Solved: Re: Array to flag values in certain range(s) only flags within roundin...

awesome_opossum · Posted 09-26-2022 11:29 AM

Hi there, so I'm trying to use this little doo-wop to flag variables that have values within certain range(s) (>= |.35|):

data flags (drop= i); set data; 
array factor {10} factor1-factor10; 
array place {10} place1-place10; 
do i = 1 to 10; 
	place{i} = 0; 
	if factor{i} < .35 and factor{i} > -.35 then place{i} = 1; /* >= |.35| threshold is somewhat arbitrary, 
																	may be changed */ 
end; 
noload_ct = sum(of place1-place10); 
noload = 0; 
if noload_ct = 10 then noload = 1; 
run;

Now, I've done this before with other data, and it appeared to work as expected. But in this particular instance, upon inspection of the values I'm trying to filter, it is flagging cases that are ≈ .346, which are obviously are not >=|.35|. Such "close" cases perhaps simply did not exist in prior use of this approach; hence I did not notice.

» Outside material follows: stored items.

lemma nn_integral_log_gap_dkwm:
  assumes e: "0 < e" "e < 1"
  shows "(\<integral>\<^sup>+x. ennreal (2 * (ln (min (pit x + e) 1) - ln (pit x))) \<partial>P) = ennreal (2 * e - 2 * e * ln e)"
proof -
  define A L where "A x = - 2 * ln (min (pit x + e) 1)" and "L x = - 2 * ln (pit x)" for x
  have [measurable]: "A \<in> borel_measurable P" "L \<in> borel_measurable P"
    unfolding A_def[abs_def] L_def[abs_def] by measurable
  have AE: "AE x in P. 0 \<le> A x \<and> A x \<le> L x"
    using AE_pit_pos
  proof eventually_elim
    case (elim x)
    then show ?case
      using pit_bounds[of x] e by (auto simp: A_def L_def)
  qed
  have "(\<integral>\<^sup>+x. ennreal (L x) \<partial>P) = (\<integral>\<^sup>+x. ennreal (A x) + ennreal (L x - A x) \<partial>P)"
    by (intro nn_integral_cong_AE, use AE in eventually_elim)
      (auto simp: ennreal_plus[symmetric] simp del: ennreal_plus)
  also have "\<dots> = (\<integral>\<^sup>+x. ennreal (A x) \<partial>P) + (\<integral>\<^sup>+x. ennreal (L x - A x) \<partial>P)"
    by (rule nn_integral_add) measurable
  finally have "ennreal 2 = ennreal (2 - 2 * e + 2 * e * ln e) + (\<integral>\<^sup>+x. ennreal (L x - A x) \<partial>P)"
    using nn_integral_neg_log_pit_power[of 1] nn_integral_pit[of "\<lambda>v. - 2 * ln (min (v + e) 1)"]
      nn_integral_neg_ln_min_add[OF e]
    by (simp add: A_def L_def)
  then have "(\<integral>\<^sup>+x. ennreal (L x - A x) \<partial>P) = ennreal 2 - ennreal (2 - 2 * e + 2 * e * ln e)"
    by (metis ennreal_add_diff_cancel_left ennreal_neq_top)
  also have "\<dots> = ennreal (2 * e - 2 * e * ln e)"
    using ennreal_minus[OF one_sub_add_mult_ln_nonneg[OF e(1), THEN mult_left_mono[of 0 _ 2], simplified], of 2]
    by (simp add: algebra_simps)
  finally show ?thesis
    by (simp add: A_def L_def algebra_simps)
qed

lemma nn_integral_fisher_term_error_le:
  assumes e: "0 < e" "e < 1" and n: "0 < n" and c: "0 \<le> c"
  shows "(\<integral>\<^sup>+x. ennreal (fisher_term_error n c e (pit x)) \<partial>P) \<le> ennreal (fisher_term_error_mean n c e)"
proof -
  define G D where "G x = 2 * (ln (min (pit x + e) 1) - ln (pit x))"
    and "D x = 4 * rank_error n c (pit x) / (pit x + e)" for x
  have [measurable]: "G \<in> borel_measurable P" "D \<in> borel_measurable P"
    unfolding G_def[abs_def] D_def[abs_def] by measurable
  have AE: "AE x in P. 0 \<le> G x \<and> 0 \<le> D x \<and> fisher_term_error n c e (pit x) = G x + D x"
    using AE_pit_pos
  proof eventually_elim
    case (elim x)
    then show ?case
      using pit_bounds[of x] e c by (auto simp: G_def D_def fisher_term_error_def rank_error_nonneg)
  qed
  have "(\<integral>\<^sup>+x. ennreal (fisher_term_error n c e (pit x)) \<partial>P) = (\<integral>\<^sup>+x. ennreal (G x) + ennreal (D x) \<partial>P)"
    by (intro nn_integral_cong_AE, use AE in eventually_elim)
      (auto simp: ennreal_plus[symmetric] simp del: ennreal_plus)
  also have "\<dots> = (\<integral>\<^sup>+x. ennreal (G x) \<partial>P) + (\<integral>\<^sup>+x. ennreal (D x) \<partial>P)"
    by (rule nn_integral_add) measurable
  also have "\<dots> \<le> ennreal (2 * e - 2 * e * ln e) + ennreal (rank_error_mean n c e)"
    using nn_integral_log_gap_dkwm[OF e] nn_integral_pit[of "\<lambda>v. 4 * rank_error n c v / (v + e)"]
      nn_integral_rank_error_le[OF e n c]
    by (intro add_mono) (simp_all add: G_def D_def)
  also have "\<dots> = ennreal (fisher_term_error_mean n c e)"
  proof -
    have "e * ln e \<le> 0"
      using e by (intro mult_nonneg_nonpos) auto
    then have "0 \<le> 2 * e - 2 * e * ln e"
      using e by linarith
    then show ?thesis
      using ennreal_plus[OF _ rank_error_mean_nonneg[OF e(1) c, of n]]
      by (simp add: fisher_term_error_mean_def)
  qed
  finally show ?thesis .
qed

lemma nn_integral_exp_fisher_term_bound_le:
  assumes n: "0 < n" and c: "0 \<le> c" and e: "0 < e" "e < 1"
    and ce: "(3 * c\<^sup>2 + 2 * c + 4) / n \<le> e" and l: "0 \<le> l" and lB: "l * (- 2 * ln e + 2) \<le> 1"
  shows "(\<integral>\<^sup>+x. ennreal (exp (l * fisher_term_bound n c e (pit x))) \<partial>P)
    \<le> ennreal (1 + l * fisher_term_bound_mean n c e + 24 * l\<^sup>2)"
proof -
  define Y where "Y x = fisher_term_bound n c e (pit x)" for x
  have [measurable]: "Y \<in> borel_measurable P" unfolding Y_def[abs_def] by measurable
  have "(\<integral>\<^sup>+x. ennreal (exp (l * Y x)) \<partial>P)
      \<le> (\<integral>\<^sup>+x. 1 + ennreal l * ennreal (Y x) + ennreal (l\<^sup>2) * ennreal ((Y x)\<^sup>2) \<partial>P)"
  proof (intro nn_integral_mono)
    fix x
    have Y: "0 \<le> Y x" "Y x \<le> - 2 * ln e + 2"
      using fisher_term_bound_between(1,2)[OF pit_bounds e n c ce] by (simp_all add: Y_def)
    then have "l * Y x \<le> 1"
      using lB l mult_left_mono[OF Y(2) l] by linarith
    then have "exp (l * Y x) \<le> 1 + l * Y x + l\<^sup>2 * (Y x)\<^sup>2"
      using exp_le_quadratic[of "l * Y x"] by (simp add: power_mult_distrib)
    then have "ennreal (exp (l * Y x)) \<le> ennreal (1 + l * Y x + l\<^sup>2 * (Y x)\<^sup>2)"
      by (rule ennreal_leI)
    also have "\<dots> = 1 + ennreal l * ennreal (Y x) + ennreal (l\<^sup>2) * ennreal ((Y x)\<^sup>2)"
      using l Y by (simp add: ennreal_plus ennreal_mult)
    finally show "ennreal (exp (l * Y x)) \<le> 1 + ennreal l * ennreal (Y x) + ennreal (l\<^sup>2) * ennreal ((Y x)\<^sup>2)" .
  qed
  also have "\<dots> = 1 + ennreal l * (\<integral>\<^sup>+x. ennreal (Y x) \<partial>P) + ennreal (l\<^sup>2) * (\<integral>\<^sup>+x. ennreal ((Y x)\<^sup>2) \<partial>P)"
    by (simp add: nn_integral_add nn_integral_cmult emeasure_space_1)
  also have "\<dots> \<le> 1 + ennreal l * ennreal (fisher_term_bound_mean n c e) + ennreal (l\<^sup>2) * 24"
    using nn_integral_fisher_term_bound_le[OF e n c] nn_integral_fisher_term_bound_sq_le[OF e n c ce]
    unfolding Y_def by (intro add_mono mult_left_mono) auto
  also have "\<dots> = ennreal (1 + l * fisher_term_bound_mean n c e + 24 * l\<^sup>2)"
    using l fisher_term_means_nonneg(1)[OF e c, of n]
    by (simp add: ennreal_plus ennreal_mult mult.commute)
  finally show ?thesis by (simp add: Y_def)
qed


lemma reject_prob_eq:
  "reject_prob P s n m \<delta> \<alpha> = measure (iid_sample P (n + m))
     {\<omega> \<in> space (iid_sample P (n + m)). chi2_quantile (2 * m) (1 - \<alpha>) \<le> fisher_stat n m \<delta> s \<omega>}"
  by (simp add: reject_prob_def iid_sample_def)

lemma borel_measurable_test_sum:
  fixes g :: "'a \<Rightarrow> real"
  assumes "g \<in> borel_measurable P"
  shows "(\<lambda>\<omega>. \<Sum>i<m. g (\<omega> (n + i))) \<in> borel_measurable (iid_sample P (n + m))"
  using borel_measurable_iid_sample_sum[OF test_block(1) assms] by (simp add: sum_test_block)

definition oracle_fisher_stat :: "nat \<Rightarrow> nat \<Rightarrow> (nat \<Rightarrow> 'a) \<Rightarrow> real" where
  "oracle_fisher_stat n m \<omega> = (\<Sum>i<m. - 2 * ln (pit (\<omega> (n + i))))"

lemma borel_measurable_oracle_fisher_stat [measurable]:
  "oracle_fisher_stat n m \<in> borel_measurable (iid_sample P (n + m))"
  unfolding oracle_fisher_stat_def[abs_def] by (rule borel_measurable_test_sum) measurable

lemma distr_oracle_fisher_stat:
  assumes m: "0 < m"
  shows "distr (iid_sample P (n + m)) lborel (oracle_fisher_stat n m) = chi2_measure (2 * m)"
proof -
  interpret S: prob_space "iid_sample P (n + m)" by (rule prob_space_iid_sample)
  define J where "J = (\<lambda>i. n + i) ` {..<m}"
  have J: "J \<subseteq> {..<n + m}" "finite J" "J \<noteq> {}" "card J = m"
    using test_block m by (auto simp: J_def)
  have "S.indep_vars (\<lambda>_. borel) (\<lambda>j \<omega>. - 2 * ln (pit (\<omega> j))) J"
    using S.indep_vars_compose2[OF S.indep_vars_subset[OF indep_vars_iid_sample J(1)],
        of "\<lambda>_ x. - 2 * ln (pit x)" "\<lambda>_. borel"] m
    by simp
  moreover have "distributed (iid_sample P (n + m)) lborel (\<lambda>\<omega>. - 2 * ln (pit (\<omega> j))) (exponential_density (1 / 2))"
    if "j \<in> J" for j
    using J(1) that by (intro distributed_iid_sample_component[OF _ neg_log_pit_exponential]) auto
  ultimately have "distributed (iid_sample P (n + m)) lborel (\<lambda>\<omega>. \<Sum>j\<in>J. - 2 * ln (pit (\<omega> j)))
      (erlang_density (m - 1) (1 / 2))"
    using S.exponential_distributed_sum[OF J(2,3), of "1 / 2"] J(4) by simp
  then show ?thesis
    using chi2_measure_even[OF m]
    by (simp add: distributed_def erlang_measure_def J_def sum_test_block oracle_fisher_stat_def[abs_def])
qed

lemma prob_oracle_fisher_stat:
  assumes "0 < m" "A \<in> sets borel"
  shows "measure (iid_sample P (n + m)) {\<omega> \<in> space (iid_sample P (n + m)). oracle_fisher_stat n m \<omega> \<in> A}
    = measure (chi2_measure (2 * m)) A"
  using measure_distr[of "oracle_fisher_stat n m" "iid_sample P (n + m)" lborel A]
    distr_oracle_fisher_stat[OF assms(1), of n] assms(2)
  by (simp add: vimage_def Int_def conj_commute)

lemma sets_test_pit_nonpos:
  "i < m \<Longrightarrow> {\<omega> \<in> space (iid_sample P (n + m)). pit (\<omega> (n + i)) \<le> 0} \<in> sets (iid_sample P (n + m))"
  "{\<omega> \<in> space (iid_sample P (n + m)). \<exists>i<m. pit (\<omega> (n + i)) \<le> 0} \<in> sets (iid_sample P (n + m))"
proof -
  have component: "{\<omega> \<in> space (iid_sample P (n + m)). pit (\<omega> (n + i)) \<le> 0} \<in> sets (iid_sample P (n + m))"
    if "i < m" for i
  proof -
    have [simp]: "i < m" "n + i < n + m" using that by simp_all
    show ?thesis by measurable
  qed
  then show "i < m \<Longrightarrow> {\<omega> \<in> space (iid_sample P (n + m)). pit (\<omega> (n + i)) \<le> 0} \<in> sets (iid_sample P (n + m))" .
  have "{\<omega> \<in> space (iid_sample P (n + m)). \<exists>i<m. pit (\<omega> (n + i)) \<le> 0}
      = (\<Union>i<m. {\<omega> \<in> space (iid_sample P (n + m)). pit (\<omega> (n + i)) \<le> 0})"
    by auto
  also have "\<dots> \<in> sets (iid_sample P (n + m))"
    using component by (intro sets.finite_UN) auto
  finally show "{\<omega> \<in> space (iid_sample P (n + m)). \<exists>i<m. pit (\<omega> (n + i)) \<le> 0} \<in> sets (iid_sample P (n + m))" .
qed

lemma prob_test_pit_nonpos:
  "measure (iid_sample P (n + m)) {\<omega> \<in> space (iid_sample P (n + m)). \<exists>i<m. pit (\<omega> (n + i)) \<le> 0} = 0"
proof -
  interpret S: prob_space "iid_sample P (n + m)" by (rule prob_space_iid_sample)
  have "{\<omega> \<in> space (iid_sample P (n + m)). \<exists>i<m. pit (\<omega> (n + i)) \<le> 0}
      = (\<Union>i<m. {\<omega> \<in> space (iid_sample P (n + m)). pit (\<omega> (n + i)) \<le> 0})"
    by auto
  also have "measure (iid_sample P (n + m)) \<dots>
      \<le> (\<Sum>i<m. measure (iid_sample P (n + m)) {\<omega> \<in> space (iid_sample P (n + m)). pit (\<omega> (n + i)) \<le> 0})"
    using sets_test_pit_nonpos(1) by (intro S.finite_measure_subadditive_finite) auto
  also have "\<dots> = 0"
  proof (intro sum.neutral ballI)
    fix i assume "i \<in> {..<m}"
    have "{\<omega> \<in> space (iid_sample P (n + m)). pit (\<omega> (n + i)) \<le> 0}
        = {\<omega> \<in> space (iid_sample P (n + m)). \<omega> (n + i) \<in> {x \<in> space P. pit x \<le> 0}}"
      using \<open>i \<in> {..<m}\<close> space_iid_sample_component[of _ P "n + m" "n + i"] by auto
    then show "S.prob {\<omega> \<in> space (iid_sample P (n + m)). pit (\<omega> (n + i)) \<le> 0} = 0"
      using measure_iid_sample_component[of "n + i" "n + m" "{x \<in> space P. pit x \<le> 0}"]
        prob_pit_le[of 0] \<open>i \<in> {..<m}\<close>
      by simp
  qed
  finally show ?thesis by (simp add: measure_le_0_iff)
qed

I suppose I can chalk this up to some sort of rounding that is going on behind the scenes. For my present purposes, I imagine this is fine, but my concern is still that it would be technically inaccurate to say that I used a threshold of >= .35, when the output retains values that are technically, say, > .345 (or whatever it is that's happening behind the scenes). That is, if someone replicated the analysis with the same data, they might observe this inconsistency, and say, awesome_opossum, "you're wrong, and a liar; how dare you.", which is principally silly enough that it is something I wish to avoid.

Does anyone have an explanation for this, that I can at least include in a footnote (e.g. is it actually > .345 -- values rounded to the hundredth?), or any recommendations?

For clarification: I'm making two lists: one is a list of all the items (rows) that are >= |.35| on at least one variable; the other is a list of items (rows) that are < |.35| on all the variables. Items (rows) with a highest value of |.346| on any variable end up on the list that is supposed to be >= |.35|.

ballardw · Posted 09-26-2022 11:56 AM

@awesome_opossum wrote:

Hi there, so I'm trying to use this little doo-wop to flag variables that have values within certain range(s) (>= |.35|):
data flags (drop= i); set data; 
array factor {10} factor1-factor10; 
array place {10} place1-place10; 
do i = 1 to 10; 
	place{i} = 0; 
	if factor{i} < .35 and factor{i} > -.35 then place{i} = 1; /* >= |.35| threshold is somewhat arbitrary, 
																	may be changed */ 
end; 
noload_ct = sum(of place1-place10); 
noload = 0; 
if noload_ct = 10 then noload = 1; 
run; 
Now, I've done this before with other data, and it appeared to work as expected. But in this particular instance, upon inspection of the values I'm trying to filter, it is flagging cases that are ≈ .346, which are obviously are not >=|.35|. Such "close" cases perhaps simply did not exist in prior use of this approach; hence I did not notice.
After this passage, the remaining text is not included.